Customizing Graphite Charts for Clearer Results

So if people couldn’t tell, I’ve been having a lot of success with StatsD, Graphite, and Graphene. One of the problems I faced was data that was too small to gather distinct trends. Here is one example:

While still useful, it is much harder to detect a small change with a chart like this. The jump between highs and lows is greater on this data. This normally occurs when you have smaller sets of data to look at. So we have two options (that I’ve discovered so far). The first is to summarize the data using the summarize function. If you are using graphite, and haven’t checked out their awesome list of functions, you really need to.

Summarize allows you to change the unit in which graphite displays data. Right now we’re showing things per second. But it might be more useful if we knew what was going on every 5 minutes. So lets say this was our url for our graphite graph:

http://stats.example.com/render/?target=example.posts

What we want to do is apply the summary function to the example.posts target:

http://stats.example.com/render/?target=summarize(example.posts, "5min")

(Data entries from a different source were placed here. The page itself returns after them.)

lemma iso_cell_cancel_right:
  assumes "iso_cell D u" "csrc D x = ctgt D u" "csrc D y = ctgt D u" "x \<cdot> u = y \<cdot> u"
  shows "x = y"
proof -
  obtain v where v: "csrc D v = ctgt D u" "ctgt D v = csrc D u" "u \<cdot> v = cid D (ctgt D u)"
    using assms(1) unfolding iso_cell_def by blast
  have "x = x \<cdot> (u \<cdot> v)" using ccomp_idr[of x] v assms by simp
  also have "\<dots> = (x \<cdot> u) \<cdot> v" using ccomp_assoc[of v u x] v assms by simp
  also have "\<dots> = (y \<cdot> u) \<cdot> v" using assms by simp
  also have "\<dots> = y \<cdot> (u \<cdot> v)" using ccomp_assoc[of v u y] v assms by simp
  also have "\<dots> = y" using ccomp_idr[of y] v assms by simp
  finally show ?thesis .
qed

lemma iso_cell_cancel_left:
  assumes "iso_cell D u" "ctgt D x = csrc D u" "ctgt D y = csrc D u" "u \<cdot> x = u \<cdot> y"
  shows "x = y"
proof -
  obtain v where v: "csrc D v = ctgt D u" "ctgt D v = csrc D u" "v \<cdot> u = cid D (csrc D u)"
    using assms(1) unfolding iso_cell_def by blast
  have "x = (v \<cdot> u) \<cdot> x" using ccomp_idl[of x] v assms by simp
  also have "\<dots> = v \<cdot> (u \<cdot> x)" using ccomp_assoc[of x u v] v assms by simp
  also have "\<dots> = v \<cdot> (u \<cdot> y)" using assms by simp
  also have "\<dots> = (v \<cdot> u) \<cdot> y" using ccomp_assoc[of y u v] v assms by simp
  also have "\<dots> = y" using ccomp_idl[of y] v assms by simp
  finally show ?thesis .
qed

lemma iso_cell_inverse_globular:
  assumes "iso_cell D u" "cleft D u = vid D X" "cright D u = vid D Y"
  obtains v where "csrc D v = ctgt D u" "ctgt D v = csrc D u"
    "v \<cdot> u = cid D (csrc D u)" "u \<cdot> v = cid D (ctgt D u)"
    "cleft D v = vid D X" "cright D v = vid D Y"
proof -
  obtain v where v: "csrc D v = ctgt D u" "ctgt D v = csrc D u" "v \<cdot> u = cid D (csrc D u)"
    "u \<cdot> v = cid D (ctgt D u)" using assms(1) unfolding iso_cell_def by blast
  have "vcomp D (cleft D v) (vid D X) = vid D X"
    using arg_cong[OF v(3), of "cleft D"] v(1)[symmetric] assms by simp
  moreover have "vdom D (cleft D v) = X"
    using v assms cell_bdry_simps(1)[of v] cell_bdry_simps(3)[of u] by simp
  ultimately have "cleft D v = vid D X" by simp
  moreover have "vcomp D (cright D v) (vid D Y) = vid D Y"
    using arg_cong[OF v(3), of "cright D"] v(1)[symmetric] assms by simp
  moreover have "vdom D (cright D v) = Y"
    using v assms cell_bdry_simps(2)[of v] cell_bdry_simps(4)[of u] by simp
  ultimately show thesis using that v by simp
qed

lemma iso_cell_cid: "iso_cell D (cid D J)"
  unfolding iso_cell_def using ccomp_idl[of "cid D J"] by (intro exI[of _ "cid D J"]) simp

lemma iso_cell_chcomp:
  assumes "iso_cell D u" "iso_cell D w" "cleft D u = vid D X" "cright D u = vid D Y"
    "cleft D w = vid D Y" "cright D w = vid D Z"
  shows "iso_cell D (u \<odot> w)"
proof -
  obtain v where v: "csrc D v = ctgt D u" "ctgt D v = csrc D u" "v \<cdot> u = cid D (csrc D u)"
    "u \<cdot> v = cid D (ctgt D u)" "cleft D v = vid D X" "cright D v = vid D Y"
    using iso_cell_inverse_globular[OF assms(1,3,4)] by blast
  obtain v' where v': "csrc D v' = ctgt D w" "ctgt D v' = csrc D w" "v' \<cdot> w = cid D (csrc D w)"
    "w \<cdot> v' = cid D (ctgt D w)" "cleft D v' = vid D Y" "cright D v' = vid D Z"
    using iso_cell_inverse_globular[OF assms(2,5,6)] by blast
  have "(v \<odot> v') \<cdot> (u \<odot> w) = cid D (csrc D (u \<odot> w))"
    using interchange[of u v w v'] v v' assms chcomp_id[of "csrc D u" "csrc D w"] by simp
  moreover have "(u \<odot> w) \<cdot> (v \<odot> v') = cid D (ctgt D (u \<odot> w))"
    using interchange[of v u v' w] v v' assms chcomp_id[of "ctgt D u" "ctgt D w"] by simp
  ultimately show ?thesis unfolding iso_cell_def using v v' assms
    by (intro exI[of _ "v \<odot> v'"]) simp
qed

subsection \<open>Unit coherence\<close>

lemma hcomp_cid_hunit_cancel:
  assumes "cleft D f = vid D A" "cleft D g = vid D A" "csrc D f = csrc D g" "ctgt D f = ctgt D g"
    "cid D (hunit D A) \<odot> f = cid D (hunit D A) \<odot> g"
  shows "f = g"
proof -
  have "f \<cdot> lunitor D (csrc D f) = g \<cdot> lunitor D (csrc D f)"
    using lunitor_nat[of f] lunitor_nat[of g] assms cunit_id[of A] by simp
  thus ?thesis using iso_cell_cancel_right[OF lunitor_iso] assms by simp
qed

lemma lunitor_hcomp_hunit:
  "lunitor D (hcomp D (hunit D m) (hunit D m)) = cid D (hunit D m) \<odot> lunitor D (hunit D m)"
proof -
  have "lunitor D (hunit D m) \<cdot> (cid D (hunit D m) \<odot> lunitor D (hunit D m))
     = lunitor D (hunit D m) \<cdot> lunitor D (hcomp D (hunit D m) (hunit D m))"
    using lunitor_nat[of "lunitor D (hunit D m)"] cunit_id[of m] by simp
  from this[symmetric] show ?thesis
    by (rule iso_cell_cancel_left[OF lunitor_iso[of "hunit D m"], rotated -1]) simp_all
qed

text \<open>Kelly's argument: the pentagon and the triangle for four, resp. three, copies of the
  unit, whiskered and cancelled, yield the unit instance of the left-unitor triangle.\<close>

lemma lunitor_hunit_assoc:
  "lunitor D (hcomp D (hunit D m) (hunit D m)) \<cdot> assoc D (hunit D m) (hunit D m) (hunit D m)
   = lunitor D (hunit D m) \<odot> cid D (hunit D m)"
proof -
  let ?I = "hunit D m"
  let ?II = "hcomp D ?I ?I"
  let ?a = "assoc D ?I ?I ?I"
  let ?one = "cid D ?I"
  let ?l = "lunitor D ?I"
  let ?r = "runitor D ?I"
  let ?lII = "lunitor D ?II"
  let ?b = "assoc D ?I ?II ?I"
  let ?c = "?a \<odot> ?one"
  have pent: "assoc D ?I ?I ?II \<cdot> assoc D ?II ?I ?I = (?one \<odot> ?a) \<cdot> (?b \<cdot> ?c)"
    using pentagon[of ?I ?I ?I ?I] by simp
  have tri_II: "(?one \<odot> ?lII) \<cdot> assoc D ?I ?I ?II = ?r \<odot> cid D ?II"
    using triangle[of ?I ?II] by simp
  have tri_I: "(?one \<odot> ?l) \<cdot> ?a = ?r \<odot> ?one"
    using triangle[of ?I ?I] by simp
  have nat_r: "?a \<cdot> ((?r \<odot> ?one) \<odot> ?one) = (?r \<odot> cid D ?II) \<cdot> assoc D ?II ?I ?I"
    using assoc_nat[of ?r ?one ?one] chcomp_id[of ?I ?I] by simp
  have nat_l: "?a \<cdot> ((?one \<odot> ?l) \<odot> ?one) = (?one \<odot> (?l \<odot> ?one)) \<cdot> ?b"
    using assoc_nat[of ?one ?l ?one] by simp
  have whisker: "((?one \<odot> ?l) \<cdot> ?a) \<odot> ?one = ((?one \<odot> ?l) \<odot> ?one) \<cdot> ?c"
    using interchange[of ?a "?one \<odot> ?l" ?one ?one] ccomp_idl[of ?one] by simp
  have "(((?one \<odot> ?lII) \<cdot> (?one \<odot> ?a)) \<cdot> ?b) \<cdot> ?c = (?one \<odot> ?lII) \<cdot> ((?one \<odot> ?a) \<cdot> (?b \<cdot> ?c))"
    by (simp add: ccomp_assoc)
  also have "\<dots> = (?one \<odot> ?lII) \<cdot> (assoc D ?I ?I ?II \<cdot> assoc D ?II ?I ?I)" using pent by simp
  also have "\<dots> = ((?one \<odot> ?lII) \<cdot> assoc D ?I ?I ?II) \<cdot> assoc D ?II ?I ?I"
    by (simp add: ccomp_assoc)
  also have "\<dots> = ?a \<cdot> ((?r \<odot> ?one) \<odot> ?one)" using tri_II nat_r by simp
  also have "\<dots> = ?a \<cdot> (((?one \<odot> ?l) \<odot> ?one) \<cdot> ?c)" using tri_I whisker by simp
  also have "\<dots> = (?a \<cdot> ((?one \<odot> ?l) \<odot> ?one)) \<cdot> ?c" by (simp add: ccomp_assoc)
  also have "\<dots> = ((?one \<odot> (?l \<odot> ?one)) \<cdot> ?b) \<cdot> ?c" using nat_l by simp
  finally have E: "(((?one \<odot> ?lII) \<cdot> (?one \<odot> ?a)) \<cdot> ?b) \<cdot> ?c = ((?one \<odot> (?l \<odot> ?one)) \<cdot> ?b) \<cdot> ?c" .
  have "iso_cell D ?c" by (rule iso_cell_chcomp[OF assoc_iso iso_cell_cid]) simp_all
  then have E2: "((?one \<odot> ?lII) \<cdot> (?one \<odot> ?a)) \<cdot> ?b = (?one \<odot> (?l \<odot> ?one)) \<cdot> ?b"
    by (rule iso_cell_cancel_right) (use E in simp_all)
  have E3: "(?one \<odot> ?lII) \<cdot> (?one \<odot> ?a) = ?one \<odot> (?l \<odot> ?one)"
    by (rule iso_cell_cancel_right[OF assoc_iso[of ?I ?II ?I]]) (use E2 in simp_all)
  have E4: "(?one \<odot> ?lII) \<cdot> (?one \<odot> ?a) = ?one \<odot> (?lII \<cdot> ?a)"
    using interchange[of ?one ?one ?a ?lII] ccomp_idl[of ?one] by simp
  show ?thesis
    by (rule hcomp_cid_hunit_cancel[of _ m]) (use E3 E4 in simp_all)
qed

lemma lunitor_hunit_chcomp_cid:
  "lunitor D (hunit D m) \<odot> cid D (hunit D m)
   = (cid D (hunit D m) \<odot> lunitor D (hunit D m)) \<cdot> assoc D (hunit D m) (hunit D m) (hunit D m)"
  using lunitor_hunit_assoc[of m] lunitor_hcomp_hunit[of m] by simp

lemma lunitor_hunit_eq_runitor: "lunitor D (hunit D m) = runitor D (hunit D m)"
proof -
  let ?I = "hunit D m"
  have "(cid D ?I \<odot> lunitor D ?I) \<cdot> assoc D ?I ?I ?I = runitor D ?I \<odot> cid D ?I"
    using triangle[of ?I ?I] by simp
  hence "lunitor D ?I \<odot> cid D ?I = runitor D ?I \<odot> cid D ?I"
    using lunitor_hunit_chcomp_cid[of m] by simp
  hence "lunitor D ?I \<cdot> runitor D (hcomp D ?I ?I) = runitor D ?I \<cdot> runitor D (hcomp D ?I ?I)"
    using runitor_nat[of "lunitor D ?I"] runitor_nat[of "runitor D ?I"] cunit_id[of m] by simp
  thus ?thesis by (rule iso_cell_cancel_right[OF runitor_iso, rotated -1]) simp_all
qed

subsection \<open>Pasting cells into a horizontal unit\<close>

text \<open>The composite in which the Kan conditions of the definitions are phrased.\<close>

abbreviation paste :: "'o \<Rightarrow> 'c \<Rightarrow> 'c \<Rightarrow> 'c" where
  "paste m \<alpha> \<beta> \<equiv> lunitor D (hunit D m) \<cdot> (\<alpha> \<odot> \<beta>)"

lemma paste_assoc:
  assumes "ctgt D \<alpha> = hunit D m" "ctgt D \<beta> = hunit D m" "ctgt D \<beta>' = hunit D m"
    "cright D \<alpha> = cleft D \<beta>" "cright D \<beta> = cleft D \<beta>'"
  shows "paste m (paste m \<alpha> \<beta>) \<beta>'
    = paste m \<alpha> (paste m \<beta> \<beta>') \<cdot> assoc D (csrc D \<alpha>) (csrc D \<beta>) (csrc D \<beta>')"
proof -
  let ?l = "lunitor D (hunit D m)"
  let ?one = "cid D (hunit D m)"
  let ?a = "assoc D (hunit D m) (hunit D m) (hunit D m)"
  let ?X = "(\<alpha> \<odot> \<beta>) \<odot> \<beta>'"
  have whisker: "paste m \<alpha> \<beta> \<odot> \<beta>' = (?l \<odot> ?one) \<cdot> ?X"
    using interchange[of "\<alpha> \<odot> \<beta>" ?l \<beta>' ?one] ccomp_idl[of \<beta>'] assms by simp
  have nat: "?a \<cdot> ?X = (\<alpha> \<odot> (\<beta> \<odot> \<beta>')) \<cdot> assoc D (csrc D \<alpha>) (csrc D \<beta>) (csrc D \<beta>')"
    using assoc_nat[of \<alpha> \<beta> \<beta>'] assms by simp
  have whisker': "(?one \<odot> ?l) \<cdot> (\<alpha> \<odot> (\<beta> \<odot> \<beta>')) = \<alpha> \<odot> paste m \<beta> \<beta>'"
    using interchange[of \<alpha> ?one "\<beta> \<odot> \<beta>'" ?l] ccomp_idl[of \<alpha>] assms by simp
  have "paste m (paste m \<alpha> \<beta>) \<beta>' = ?l \<cdot> (((?one \<odot> ?l) \<cdot> ?a) \<cdot> ?X)"
    using whisker lunitor_hunit_chcomp_cid[of m] by simp
  also have "\<dots> = (?l \<cdot> (?one \<odot> ?l)) \<cdot> (?a \<cdot> ?X)"
    using assms by (simp add: ccomp_assoc)
  also have "\<dots> = (?l \<cdot> (?one \<odot> ?l)) \<cdot> ((\<alpha> \<odot> (\<beta> \<odot> \<beta>')) \<cdot> assoc D (csrc D \<alpha>) (csrc D \<beta>) (csrc D \<beta>'))"
    using nat by simp
  also have "\<dots> = (?l \<cdot> ((?one \<odot> ?l) \<cdot> (\<alpha> \<odot> (\<beta> \<odot> \<beta>')))) \<cdot> assoc D (csrc D \<alpha>) (csrc D \<beta>) (csrc D \<beta>')"
    using assms by (simp add: ccomp_assoc)
  also have "\<dots> = paste m \<alpha> (paste m \<beta> \<beta>') \<cdot> assoc D (csrc D \<alpha>) (csrc D \<beta>) (csrc D \<beta>')"
    using whisker' by simp
  finally show ?thesis .
qed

And your browser will change the spaces and quotes to be url encoded:

http://stats.example.com/render/?target=summarize(example.posts,%20%225min%22)

Now our graph will look something like this:

Notice the units on the y-axis has changed. Then, if we wanted to measure it per hour, we just change the url to use “1h” instead of “5min”:

Another useful to tool in reading is using a Moving Average. This will take so many units next to each other and average them. So if we say we want to get a moving average of 60 units (so 60 seconds), our url would look something like this:

http://stats.example.com/render/?target=movingAverage(example.posts, 60)

We replace the space with “%20” to URL Encode the function:

http://stats.example.com/render/?target=movingAverage(example.posts,%2060)

Our chart will looks something like this:

Notice the gap now at the beginning, that is because there isn’t 60 points of data to average until the 60th point. This will cause the graph actually shift forward a bit. I personal have found that the moving average is most useful after being compared to the original. So you can have two targets, one with the original, and one with the movingAverage function applied:

http://example.com/render/?target=example.posts&target=movingAverage(example.posts,%2060)

2 thoughts on “Customizing Graphite Charts for Clearer Results

  1. Hi,
    If i want to keep the Y-axis value constant means it should not change after refresh(or after applying the rendering function) also so how i can do that?

    Thanks

    Like

  2. Awesome, just what I was looking for. Now I made one 24h overview dashboard with 1h aggregation and another 6h dashboard with 5 minute aggregation. Much better than what I had before. Thank you!